From the collective development of the document to the creation of a network of BCFN Alumni, through to its arrival at the European Parliament. Young people’s ideas for changing the agri-food model are making headway.

One hundred young researchers from all over the world are working towards a single objective: to lay the foundations for a drastic paradigm shift in the agri-food system. This is what happened in Parma in September 2015 when, over two days of work, the skills and personal experiences of all the young BCFN researchers created the Youth Manifesto: a call for a new policy that can finally bring an end to the current paradoxes governing food production and consumption.


Seven areas for intervention

Each of us came to Parma by following a different path but with the same desire to meet the challenge of a common goal. It was exciting to work together, following the advice of our mentors and adopting the right amount of transgression required to move away from everyday life and find a way to change the current state of the agri-food system. The seven tasks of the Youth Manifesto cover seven working groups (on agriculture, journalism, activism and non-profit, education, research and the food industry) and give an idea of how different life could be if only the voices of qualified, motivated young people were listened to and put into practice.

From the Expo to Brussels

The Youth Manifesto draft developed in Parma was presented to Maurizio Martina, the Minister of Agriculture, at EXPO 2015, as well as to representatives from many countries at their respective stands and to Simona Bonafé and Aldo Longo, both representatives from European institutions who gave us initial feedback on the feasibility of our suggestions.

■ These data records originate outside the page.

lemma integral_relu_heav_sum_square_ge:
  assumes "0 \<le> m" "\<And>k. k \<le> n \<Longrightarrow> m \<le> gap k"
  shows "m ^ 3 / 96 * (\<Sum>i=0..n. (\<alpha> i)\<^sup>2) + 1 / 24 * (\<Sum>i=1..n. min (gap (i - 1)) (gap i) * (\<beta> i)\<^sup>2)
     \<le> integral {0..1} (\<lambda>x. (relu_heav_sum b n \<alpha> \<beta> x)\<^sup>2)"
proof -
  \<comment> \<open>On the \<open>k\<close>-th piece the spline is affine with slope \<open>s k\<close> and right limit \<open>L k\<close> at \<open>b k\<close>.\<close>
  define s where "s k = (\<Sum>i=0..k. \<alpha> i)" for k
  define L where "L k = (\<Sum>i=0..k. \<alpha> i * (b k - b i)) - (\<Sum>j=1..k. \<beta> j)" for k
  have piece: "integral {b k..b (Suc k)} (\<lambda>x. (relu_heav_sum b n \<alpha> \<beta> x)\<^sup>2)
      = gap k * ((L k)\<^sup>2 + L k * s k * gap k + (s k)\<^sup>2 * (gap k)\<^sup>2 / 3)" if "k \<le> n" for k
  proof -
    have "integral {b k..b (Suc k)} (\<lambda>x. (relu_heav_sum b n \<alpha> \<beta> x)\<^sup>2)
        = integral {b k..b (Suc k)} (\<lambda>x. (L k + s k * (x - b k))\<^sup>2)"
      by (rule integral_spike[of "{b k, b (Suc k)}"])
        (auto simp: relu_heav_sum_on_piece[OF that] L_def s_def)
    also have "\<dots> = gap k * ((L k)\<^sup>2 + L k * s k * gap k + (s k)\<^sup>2 * (gap k)\<^sup>2 / 3)"
      using has_integral_affine_square[of "b k" "b (Suc k)" "L k" "s k"] knots_increasing[OF that]
      unfolding gap_def by (simp add: integral_unique)
    finally show ?thesis .
  qed
  have jump: "\<beta> k = L (k - 1) + s (k - 1) * gap (k - 1) - L k" if k: "k \<in> {1..n}" for k
  proof -
    obtain j where j: "k = Suc j"
      using k by (cases k) auto
    have "(\<Sum>i=0..j. \<alpha> i * (b (Suc j) - b i)) = (\<Sum>i=0..j. \<alpha> i * (b j - b i) + \<alpha> i * gap j)"
      by (rule sum.cong) (simp_all add: gap_def algebra_simps)
    then show ?thesis
      by (simp add: j L_def s_def sum.distrib sum_distrib_right)
  qed
  have "m ^ 3 / 96 * (\<Sum>i=0..n. (\<alpha> i)\<^sup>2) + 1 / 24 * (\<Sum>i=1..n. min (gap (i - 1)) (gap i) * (\<beta> i)\<^sup>2)
      \<le> (\<Sum>k=0..n. gap k * ((L k)\<^sup>2 + L k * s k * gap k + (s k)\<^sup>2 * (gap k)\<^sup>2 / 3))"
    by (rule piecewise_affine_energy_ge) (use gap_pos assms jump s_def in auto)
  also have "\<dots> = integral {0..1} (\<lambda>x. (relu_heav_sum b n \<alpha> \<beta> x)\<^sup>2)"
    using integral_split_knots[OF integrable_relu_heav_sum_square] piece by simp
  finally show ?thesis .
qed

lemma integral_heav_sum_square:
  "integral {0..1} (\<lambda>x. (heav_sum b n \<alpha> x)\<^sup>2) = (\<Sum>k=0..n. gap k * (\<Sum>i=0..k. \<alpha> i)\<^sup>2)"
proof -
  have "integral {b k..b (Suc k)} (\<lambda>x. (heav_sum b n \<alpha> x)\<^sup>2) = gap k * (\<Sum>i=0..k. \<alpha> i)\<^sup>2"
    if "k \<le> n" for k
  proof -
    have "integral {b k..b (Suc k)} (\<lambda>x. (heav_sum b n \<alpha> x)\<^sup>2)
        = integral {b k..b (Suc k)} (\<lambda>x. (\<Sum>i=0..k. \<alpha> i)\<^sup>2)"
      by (rule integral_spike[of "{b k, b (Suc k)}"])
        (auto simp: heav_sum_def heav_sum_on_piece[OF that])
    then show ?thesis
      using knots_increasing[OF that] by (simp add: gap_def)
  qed
  then show ?thesis
    using integral_split_knots[OF integrable_heav_sum_square] by simp
qed

lemma HSigma_form_ge:
  assumes "w integrable_on {0..1}" "0 \<le> w0" "\<And>x. x \<in> {0<..<1} \<Longrightarrow> w0 \<le> w x"
    and "0 \<le> m" "\<And>k. k \<le> n \<Longrightarrow> m \<le> gap k"
  shows "w0 * m ^ 3 / 96 * (\<Sum>i=0..n. (\<alpha> i)\<^sup>2) + w0 / 24 * (\<Sum>i=1..n. min (gap (i - 1)) (gap i) * (\<beta> i)\<^sup>2)
     \<le> HSigma_form w b n \<alpha> \<beta>"
proof -
  have w_abs: "w absolutely_integrable_on {0..1}"
    using assms(1-3) by (intro absolutely_integrable_on_Icc_if_nonneg) (auto intro: order_trans)
  have "w0 * (m ^ 3 / 96 * (\<Sum>i=0..n. (\<alpha> i)\<^sup>2) + 1 / 24 * (\<Sum>i=1..n. min (gap (i - 1)) (gap i) * (\<beta> i)\<^sup>2))
      \<le> w0 * integral {0..1} (\<lambda>x. (relu_heav_sum b n \<alpha> \<beta> x)\<^sup>2)"
    using integral_relu_heav_sum_square_ge assms by (intro mult_left_mono) auto
  also have "\<dots> \<le> integral {0..1} (\<lambda>x. w x * (relu_heav_sum b n \<alpha> \<beta> x)\<^sup>2)"
    using has_integral_integrable[OF has_integral_HSigma_form[OF w_abs]] assms(3)
    by (intro integral_weighted_ge integrable_relu_heav_sum_square) auto
  also have "\<dots> = HSigma_form w b n \<alpha> \<beta>"
    using has_integral_HSigma_form[OF w_abs] by (rule integral_unique)
  finally show ?thesis
    by (simp add: algebra_simps)
qed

A further step forward was made in early December when the Youth Manifesto was presented to different Members of the European Parliament in Brussels. This event brought the delegation of BCFN Alumni and their message straight to the heart of political debate. Common ground also emerged from this meeting with certain policies already implemented by the European Commission. One such example is the Circular Economy Package, which was also presented on the same day, containing different measures to cut down on food waste. It was very encouraging to find out that the goals of the Youth Manifesto are shared by people with the power to transpose them into legislation.


A network of collaborations

In light of the path it has just started, the network of BCFN Alumni is increasingly strengthening its position: our new friendships and spontaneous collaborations are confirming our multidisciplinary approach to the problems we want to solve: a characteristic that makes us different and unique.


It was an honour for me to be elected President of the BCFN Alumni and I firmly believe in the strength of this young network. My task will be to motivate each member to be bold and positive in their actions. I will have achieved my goal when each Alumni has been able to have their say on the causes that are important to them, including through the support and exchanges of this community, acting as a role model in their network of contacts. Our mission, as ambassadors of the Youth Manifesto, is to ensure that this document achieves concrete results as soon as possible, without waiting for someone to do our part. We now have everything we need to change (at least) our small piece of the planet.